Example of "sic" being used after a word in a quotation or passage, to indicate that the quoted matter has been transcribed or translated exactly as found in the original. Example is from a United States Supreme Court case, Briggs v. Connecticut, .

The Latin adverb sic (/sɪk/; 'thus', 'so', and 'in this manner') is inserted after a quotation to indicate that the quoted matter has been transcribed or translated as found in the original source, including erroneous, archaic, or unusual spelling, punctuation, and grammar. Sic also applies to any surprising assertion, faulty reasoning, or other matter that might otherwise be interpreted as an error of transcription.

The typical editorial usage of sic is to inform the reader that any errors in a quotation did not arise from editorial errors in the transcription, but are intentionally reproduced as they appear in the original source being quoted; thus, sic is placed inside brackets to indicate it is not part of the quotation. Sic can also be used derisively to direct the reader's attention to the writer's spelling mistakes and erroneous logic, or to show disapproval of the content or form of the material.

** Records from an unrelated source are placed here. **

text \<open>In a valley, the flattening line through the outer corner \<open>c\<close> meets the graph of
  \<open>flattened c0\<close> last at the largest point of the descent where the envelope has dropped to the
  level of \<open>c\<close>; the intermediate value theorem guarantees that this point exists.\<close>

lemma valley_flat_point:
  assumes valley: "valley c0 i c"
  obtains h where "flat_point e lam c (flattened c0) = h" "h \<le> real_of_int i"
    "envelope c0 h = sheared (real_of_int c)"
proof -
  define P where "P = {s. s \<le> real_of_int i \<and> envelope c0 s = sheared (real_of_int c)}"
  have "{s. s < real_of_int c \<and> flattened c0 s = omega lam (real_of_int c) + \<alpha> * (s - real_of_int c)} = P"
    unfolding P_def using valley by (rule valley_flat_line_meets)
  then have flat_point: "flat_point e lam c (flattened c0) = Sup P"
    by (simp add: flat_point_def)
  obtain s0 where s0: "s0 \<le> real_of_int i" "sheared (real_of_int c) \<le> sheared s0"
    by (rule sheared_unbounded_left)
  have "envelope c0 (real_of_int i) \<le> sheared (real_of_int c)"
    using valley_envelope_less[OF valley, of "real_of_int i"] valley by (simp add: valley_def)
  moreover have "sheared (real_of_int c) \<le> envelope c0 s0"
    using s0(2) sheared_le_envelope[of s0 c0] by linarith
  moreover have "continuous_on {s0..real_of_int i} (envelope c0)"
    using continuous_envelope by (rule continuous_on_subset) simp
  ultimately obtain s1 where "s0 \<le> s1" "s1 \<le> real_of_int i" "envelope c0 s1 = sheared (real_of_int c)"
    using IVT2'[of "envelope c0" "real_of_int i" "sheared (real_of_int c)" s0] s0(1) by blast
  then have "P \<noteq> {}" by (auto simp: P_def)
  moreover have "bdd_above P" by (auto simp: P_def bdd_above_def)
  moreover have "closed P"
    unfolding P_def using continuous_envelope
    by (intro closed_Collect_conj closed_Collect_le closed_Collect_eq continuous_intros) auto
  ultimately have "Sup P \<in> P" by (rule closed_contains_Sup)
  then show ?thesis using flat_point by (intro that) (auto simp: P_def)
qed

lemma valley_running_max_after_flat_point:
  assumes valley: "valley c0 i c"
    and h: "h \<le> real_of_int i" "envelope c0 h = sheared (real_of_int c)"
    and s: "h \<le> s" "s \<le> real_of_int c"
  shows "running_max s (real_of_int c) = sheared (real_of_int c)"
proof (rule running_max_eqI[of s "real_of_int c"])
  fix t assume t: "s \<le> t" "t \<le> real_of_int c"
  show "sheared t \<le> sheared (real_of_int c)"
  proof (cases "t \<le> real_of_int i")
    case True
    then show ?thesis
      using sheared_le_envelope[of t c0] envelope_antimono_on_descent[OF valley_descent[OF valley], of h t]
        h s t by simp
  qed (use valley_sheared_le_end[OF valley] t in simp)
qed (use s in auto)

==Etymology and historical usage==
In the English language, the Latin adverb sic is used as an adverb, and derivatively as a noun and as a verb. The adverb sic, meaning 'intentionally so written', first appeared in English c. 1856. It is derived from the Latin adverb sīc, which means 'so', 'thus', 'in this manner'. According to the Oxford English Dictionary, the verbal form of sic, meaning 'to mark with a sic, emerged in 1889, E. Belfort Bax's work in The Ethics of Socialism being an early example.

===Folk etymologies===
On occasion, sic has been misidentified as an acronym (and therefore sometimes misspelled with periods): s.i.c. is said to stand for "spelled/said in copy/context", "spelling is correct", "spelled incorrectly", and other such folk etymology phrases. These are all incorrect and are simply backronyms from sic.

==Modern usage==
Use of sic greatly increased in the mid-20th century. For example, in United States state-court opinions before 1944, sic appeared 1,239 times in the Westlaw database; in those from 1945 to 1990, it appeared 69,168 times, over 55 times as many. Its use as a form of ridicule has been cited as a major factor in this increase. The immoderate use of sic has created some controversy, leading some editors, including bibliographical scholar Simon Nowell-Smith and literary critic Leon Edel, to speak out against it.

===Conventional use===
The bracketed form [sic] is most often inserted into quoted or reprinted material to indicate meticulous accuracy in reproducing the preceding text, despite appearances to the reader of an incorrect or unusual orthography (spelling, punctuation, etc.), grammar, syntax, fact, or logic. Several usage guides recommend that a bracketed sic be used primarily as an aid to the reader, not as an indicator of disagreement with the source.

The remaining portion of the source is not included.